Some of my mentors are gods, some are in the Internet Marketing space, some are spirits that have gone one, some are writers of New Thought, that give me, well, food for thought as I don’t just begin my heroine’s journey, but as I come into the hurdles and missteps. Beginning the heroine’s journey is a sobering but joyful too. It’s certainly nothing to sneeze about.
Some names you might be familiar with. A mentor, Dennis Becker tells me in one of his books, a mentor doesn’t have to know he/she is mentoring you. Another is Connie Ragen Green. Still others are: Tony Robbins, Napoleon Hill, Jack Canfield, and one who has passed on, and who taught the course I am taking in my curriculum; Paul Leon Masters. This is by no means the last of my mentors.
I’m developing friendships, and have friends as well. These also help me with beginning the heroine’s journey.
What does beginning the heroine’s journey have to do with Metaphysics?

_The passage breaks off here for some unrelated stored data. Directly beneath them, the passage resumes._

text \<open>The matrix \<open>(t H + K) / t\<^sup>2\<close> has the eigenvalue 1 exactly when the block companion
  matrix has the eigenvalue \<open>t\<close>.\<close>

lemma rho_scaled_pencil_less_1:
  fixes H K :: "real mat"
  assumes H: "H \<in> carrier_mat n n" "0\<^sub>m n n \<le> H" and K: "K \<in> carrier_mat n n" "0\<^sub>m n n \<le> K"
    and n: "0 < n" and t: "0 < t" and rho: "rho (block_companion n H K) < t"
  shows "rho ((1 / t ^ 2) \<cdot>\<^sub>m (t \<cdot>\<^sub>m H + K)) < 1"
proof -
  define B where "B = (1 / t ^ 2) \<cdot>\<^sub>m (t \<cdot>\<^sub>m H + K)"
  have B: "B \<in> carrier_mat n n" "0\<^sub>m n n \<le> B"
    using H K t nonneg_mat_index[OF H(2)] nonneg_mat_index[OF K(2)]
    by (auto simp: B_def less_eq_mat_def)
  have "rho B < 1"
  proof (rule ccontr)
    assume "\<not> rho B < 1"
    obtain y where y: "y \<in> carrier_vec n" "0\<^sub>v n \<le> y" "y \<noteq> 0\<^sub>v n" and sub: "rho B \<cdot>\<^sub>v y \<le> B *\<^sub>v y"
      using rho_subeigenvector[OF B n] .
    have "y \<le> B *\<^sub>v y"
    proof (rule le_vecI[of _ n])
      fix i assume i: "i < n"
      have "y $ i \<le> rho B * y $ i"
        using mult_right_mono[of 1 "rho B" "y $ i"] \<open>\<not> rho B < 1\<close> nonneg_vec_index[OF y(2) i]
        by simp
      also have "\<dots> \<le> (B *\<^sub>v y) $ i"
        using le_vec_index[OF sub, of i] i B y by simp
      finally show "y $ i \<le> (B *\<^sub>v y) $ i" .
    qed (use y B in auto)
    then have "t ^ 2 \<cdot>\<^sub>v y \<le> t ^ 2 \<cdot>\<^sub>v (B *\<^sub>v y)"
      by (auto simp: less_eq_vec_def intro: mult_left_mono)
    then have "t \<le> rho (block_companion n H K)"
      using block_companion_subeigenvector_le_rho[OF H K y]
        scaled_pencil_mult_vec[OF H(1) K(1) y(1) t, folded B_def] t
      by simp
    with rho show False
      by simp
  qed
  then show ?thesis
    unfolding B_def .
qed

lemma block_companion_subsolution:
  fixes H K :: "real mat"
  assumes H: "H \<in> carrier_mat n n" "0\<^sub>m n n \<le> H" and K: "K \<in> carrier_mat n n" "0\<^sub>m n n \<le> K"
    and n: "0 < n" and t: "0 < t" and rho: "rho (block_companion n H K) < t"
    and f: "f \<in> carrier_vec n" "0\<^sub>v n \<le> f"
  obtains x where "x \<in> carrier_vec n" "0\<^sub>v n \<le> x"
    "t ^ 2 \<cdot>\<^sub>v x = t \<cdot>\<^sub>v (H *\<^sub>v x) + K *\<^sub>v x + t ^ 2 \<cdot>\<^sub>v f"
proof -
  define B where "B = (1 / t ^ 2) \<cdot>\<^sub>m (t \<cdot>\<^sub>m H + K)"
  have B: "B \<in> carrier_mat n n" "0\<^sub>m n n \<le> B"
    using H K t nonneg_mat_index[OF H(2)] nonneg_mat_index[OF K(2)]
    by (auto simp: B_def less_eq_mat_def)
  obtain x where x: "x \<in> carrier_vec n" "x = f + B *\<^sub>v x" "0\<^sub>v n \<le> x"
    using nonneg_solution_if_rho_less_1[OF B rho_scaled_pencil_less_1[OF H K n t rho, folded B_def]
        f]
    by blast
  have "t ^ 2 \<cdot>\<^sub>v x = t ^ 2 \<cdot>\<^sub>v (B *\<^sub>v x) + t ^ 2 \<cdot>\<^sub>v f"
    using x(1) B f by (subst x(2)) (intro eq_vecI; simp add: algebra_simps)
  with scaled_pencil_mult_vec[OF H(1) K(1) x(1) t, folded B_def] x show thesis
    by (intro that) auto
qed

section \<open>Double splittings\<close>

lemma double_splittingD:
  assumes "double_splitting n A P R S iP"
  shows "A \<in> carrier_mat n n" "P \<in> carrier_mat n n" "R \<in> carrier_mat n n" "S \<in> carrier_mat n n"
    "iP \<in> carrier_mat n n" "P * iP = 1\<^sub>m n" "iP * P = 1\<^sub>m n" "A = P - R + S"
  using assms unfolding double_splitting_def is_inv_def by auto

lemma double_regular_splittingD:
  assumes "double_regular_splitting n A P R S iP"
  shows "double_splitting n A P R S iP" "0\<^sub>m n n \<le> iP" "0\<^sub>m n n \<le> R" "0\<^sub>m n n \<le> - S"
    "0\<^sub>m n n \<le> iP * R" "0\<^sub>m n n \<le> - (iP * S)"
proof -
  show sp: "double_splitting n A P R S iP" and iP: "0\<^sub>m n n \<le> iP" and R: "0\<^sub>m n n \<le> R"
    using assms unfolding double_regular_splitting_def by auto
  note c = double_splittingD[OF sp]
  show S: "0\<^sub>m n n \<le> - S"
    using assms uminus_mat_nonneg[OF c(4)] unfolding double_regular_splitting_def by blast
  show "0\<^sub>m n n \<le> iP * R"
    using mult_mat_nonneg[OF c(5) iP c(3) R] .
  show "0\<^sub>m n n \<le> - (iP * S)"
    using mult_mat_nonneg[OF c(5) iP _ S] c by simp
qed

lemma double_weak_regular_splittingD:
  assumes "double_weak_regular_splitting n A P R S iP"
  shows "double_splitting n A P R S iP" "0\<^sub>m n n \<le> iP" "0\<^sub>m n n \<le> iP * R" "0\<^sub>m n n \<le> - (iP * S)"
proof -
  show sp: "double_splitting n A P R S iP" "0\<^sub>m n n \<le> iP" "0\<^sub>m n n \<le> iP * R"
    using assms unfolding double_weak_regular_splitting_def by auto
  have "iP * S \<in> carrier_mat n n"
    using double_splittingD(4,5)[OF sp(1)] by simp
  then show "0\<^sub>m n n \<le> - (iP * S)"
    using assms uminus_mat_nonneg unfolding double_weak_regular_splitting_def by blast
qed

lemma double_splitting_mult_vec:
  assumes sp: "double_splitting n A P R S iP" and a: "a \<in> carrier_vec n"
  shows "A *\<^sub>v a = P *\<^sub>v a - R *\<^sub>v a + S *\<^sub>v a"
proof -
  note c = double_splittingD[OF sp]
  have "A *\<^sub>v a = (P - R) *\<^sub>v a + S *\<^sub>v a"
    unfolding c(8) by (rule add_mult_distrib_mat_vec) (use c a in auto)
  also have "(P - R) *\<^sub>v a = P *\<^sub>v a - R *\<^sub>v a"
    by (rule minus_mult_distrib_mat_vec) (use c a in auto)
  finally show ?thesis .
qed

lemma double_splitting_inverse_mult_vec:
  assumes sp: "double_splitting n A P R S iP" and a: "a \<in> carrier_vec n"
  shows "P *\<^sub>v (iP *\<^sub>v a) = a" "iP *\<^sub>v (P *\<^sub>v a) = a"
    "P *\<^sub>v ((iP * R) *\<^sub>v a) = R *\<^sub>v a" "P *\<^sub>v ((- (iP * S)) *\<^sub>v a) = - (S *\<^sub>v a)"
proof -
  note c = double_splittingD[OF sp]
  have P_iP: "P *\<^sub>v (iP *\<^sub>v b) = b" if "b \<in> carrier_vec n" for b
    using assoc_mult_mat_vec[OF c(2) c(5) that] c(6) that by simp
  show "P *\<^sub>v (iP *\<^sub>v a) = a"
    using P_iP[OF a] .
  show "iP *\<^sub>v (P *\<^sub>v a) = a"
    using assoc_mult_mat_vec[OF c(5) c(2) a] c(7) a by simp
  show "P *\<^sub>v ((iP * R) *\<^sub>v a) = R *\<^sub>v a"
    using P_iP[of "R *\<^sub>v a"] c a by simp
  show "P *\<^sub>v ((- (iP * S)) *\<^sub>v a) = - (S *\<^sub>v a)"
    using P_iP[of "S *\<^sub>v a"] c a by (simp add: mult_mat_vec_uminus[of P n n])
qed

lemma double_splitting_K_mult_vec:
  assumes sp: "double_splitting n A P R S iP" and a: "a \<in> carrier_vec n"
  shows "(- (iP * S)) *\<^sub>v a = a - (iP * R) *\<^sub>v a - iP *\<^sub>v (A *\<^sub>v a)"
proof -
  note c = double_splittingD[OF sp]
  have "iP *\<^sub>v (A *\<^sub>v a) = iP *\<^sub>v (P *\<^sub>v a) - iP *\<^sub>v (R *\<^sub>v a) + iP *\<^sub>v (S *\<^sub>v a)"
    using c(2-5) a unfolding double_splitting_mult_vec[OF sp a]
    by (simp add: mult_add_distrib_mat_vec[of _ n n] mult_minus_distrib_mat_vec[of _ n n])
  then show ?thesis
    using c a double_splitting_inverse_mult_vec(2)[OF sp a] by (intro eq_vecI) auto
qed

lemma double_splitting_P_mult_block:
  assumes sp: "double_splitting n A P R S iP" and a: "a \<in> carrier_vec n" and b: "b \<in> carrier_vec n"
  shows "P *\<^sub>v ((iP * R) *\<^sub>v a + (- (iP * S)) *\<^sub>v b) = R *\<^sub>v a - S *\<^sub>v b"
  using double_splittingD[OF sp] double_splitting_inverse_mult_vec(3,4)[OF sp] a b
  by (intro eq_vecI) (simp_all add: mult_add_distrib_mat_vec[of P n n] del: index_mult_mat_vec)

lemma double_splitting_P_mult_resolvent:
  assumes sp: "double_splitting n A P R S iP" and a: "a \<in> carrier_vec n" and b: "b \<in> carrier_vec n"
  shows "P *\<^sub>v (a - (iP * R) *\<^sub>v a - (- (iP * S)) *\<^sub>v b) = P *\<^sub>v a - R *\<^sub>v a + S *\<^sub>v b"
  using double_splittingD[OF sp] double_splitting_inverse_mult_vec(3,4)[OF sp] a b
  by (intro eq_vecI) (simp_all add: mult_minus_distrib_mat_vec[of P n n] del: index_mult_mat_vec)

lemma double_splitting_resolvent_identity:
  assumes sp: "double_splitting n A P R S iP" and w: "w1 \<in> carrier_vec n" "w2 \<in> carrier_vec n"
  defines "h \<equiv> w1 - (iP * R) *\<^sub>v w1 - (- (iP * S)) *\<^sub>v w2"
  shows "A *\<^sub>v w1 = A *\<^sub>v h + (R *\<^sub>v h + (- S) *\<^sub>v h + (- S) *\<^sub>v (w2 - w1))"
proof -
  note c = double_splittingD[OF sp]
  have h: "h \<in> carrier_vec n"
    using c w by (simp add: h_def)
  have "P *\<^sub>v h = P *\<^sub>v w1 - R *\<^sub>v w1 + S *\<^sub>v w2"
    unfolding h_def using double_splitting_P_mult_resolvent[OF sp w] .
  then show ?thesis
    using double_splitting_mult_vec[OF sp w(1)] double_splitting_mult_vec[OF sp h] c w h
    by (intro eq_vecI) (simp_all add: mult_minus_distrib_mat_vec[of S n n] del: index_mult_mat_vec)
qed

lemma double_regular_splitting_resolvent_nonneg:
  assumes A: "monotone_with_inv n A iA" and sp: "double_regular_splitting n A P R S iP"
    and x: "x \<in> carrier_vec (n + n)"
    and hx: "0\<^sub>v (n + n) \<le> x - block_companion n (iP * R) (- (iP * S)) *\<^sub>v x"
  shows "0\<^sub>v (n + n) \<le> x"
proof -
  note d = double_regular_splittingD[OF sp]
  note c = double_splittingD[OF d(1)]
  have iA: "iA \<in> carrier_mat n n" "iA * A = 1\<^sub>m n" "0\<^sub>m n n \<le> iA"
    using A unfolding monotone_with_inv_def is_inv_def by auto
  define w1 where "w1 = vec_first x n"
  define w2 where "w2 = vec_last x n"
  have w: "w1 \<in> carrier_vec n" "w2 \<in> carrier_vec n" and x_split: "x = w1 @\<^sub>v w2"
    using x by (auto simp: w1_def w2_def)
  define h where "h = w1 - (iP * R) *\<^sub>v w1 - (- (iP * S)) *\<^sub>v w2"
  define e where "e = R *\<^sub>v h + (- S) *\<^sub>v h + (- S) *\<^sub>v (w2 - w1)"
  have h: "h \<in> carrier_vec n" and e: "e \<in> carrier_vec n"
    using c w by (auto simp: h_def e_def)
  have h0: "0\<^sub>v n \<le> h" and "w1 \<le> w2"
    using hx block_companion_resolvent_nonneg_iff[of "iP * R" n "- (iP * S)" w1 w2] c w
    unfolding x_split h_def by auto
  then have "0\<^sub>v n \<le> w2 - w1"
    using w by (auto simp: less_eq_vec_def)
  then have e0: "0\<^sub>v n \<le> e"
    using mult_mat_vec_nonneg[OF c(3) d(3) h h0] mult_mat_vec_nonneg[OF _ d(4) h h0]
      mult_mat_vec_nonneg[OF _ d(4) _ \<open>0\<^sub>v n \<le> w2 - w1\<close>] c w h
    unfolding e_def by (intro le_vecI[of _ n])
      (auto simp: less_eq_vec_def simp del: index_mult_mat_vec uminus_mult_mat_vec)
  have "iA *\<^sub>v (A *\<^sub>v w1) = iA *\<^sub>v (A *\<^sub>v h) + iA *\<^sub>v e"
    using double_splitting_resolvent_identity[OF d(1) w, folded h_def e_def] iA c(1) h e
    by (simp add: mult_add_distrib_mat_vec[of iA n n])
  then have "w1 = h + iA *\<^sub>v e"
    using assoc_mult_mat_vec[OF iA(1) c(1) w(1), symmetric]
      assoc_mult_mat_vec[OF iA(1) c(1) h, symmetric] iA(2) w h
    by simp
  then have w1: "0\<^sub>v n \<le> w1"
    using mult_mat_vec_nonneg[OF iA(1,3) e e0] h0 h e by (auto simp: less_eq_vec_def)
  moreover have "0\<^sub>v n \<le> w2"
    using w1 \<open>w1 \<le> w2\<close> by (rule order_trans)
  ultimately show ?thesis
    unfolding x_split using w by (simp add: append_vec_nonneg_iff)
qed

Everything. My whole life has been influenced, by something bigger than myself. Something huge. And I seem to be called to not just learn about the Divine inside me, but also outside. It’s about surrendering to that Universal force, whether you call it God, a particular pantheon, and for me it’s Apollo and Nike, and learning to let go of fear, not to be ruled by it anymore. I know there will be times I’m afraid, but not ot have my fear control me, has been a transforming feeling.
Conclusion
I haven’t even finished the journey. I feel I’ve just gotten started. I’ve taken my first steps, but find I need a map, not just to where I want to go, but for who I want to be as well. But I’m getting there. Will I continue to feel fear? Well, yes, it’s likely that I will, but I will learn to do what I need to anyway.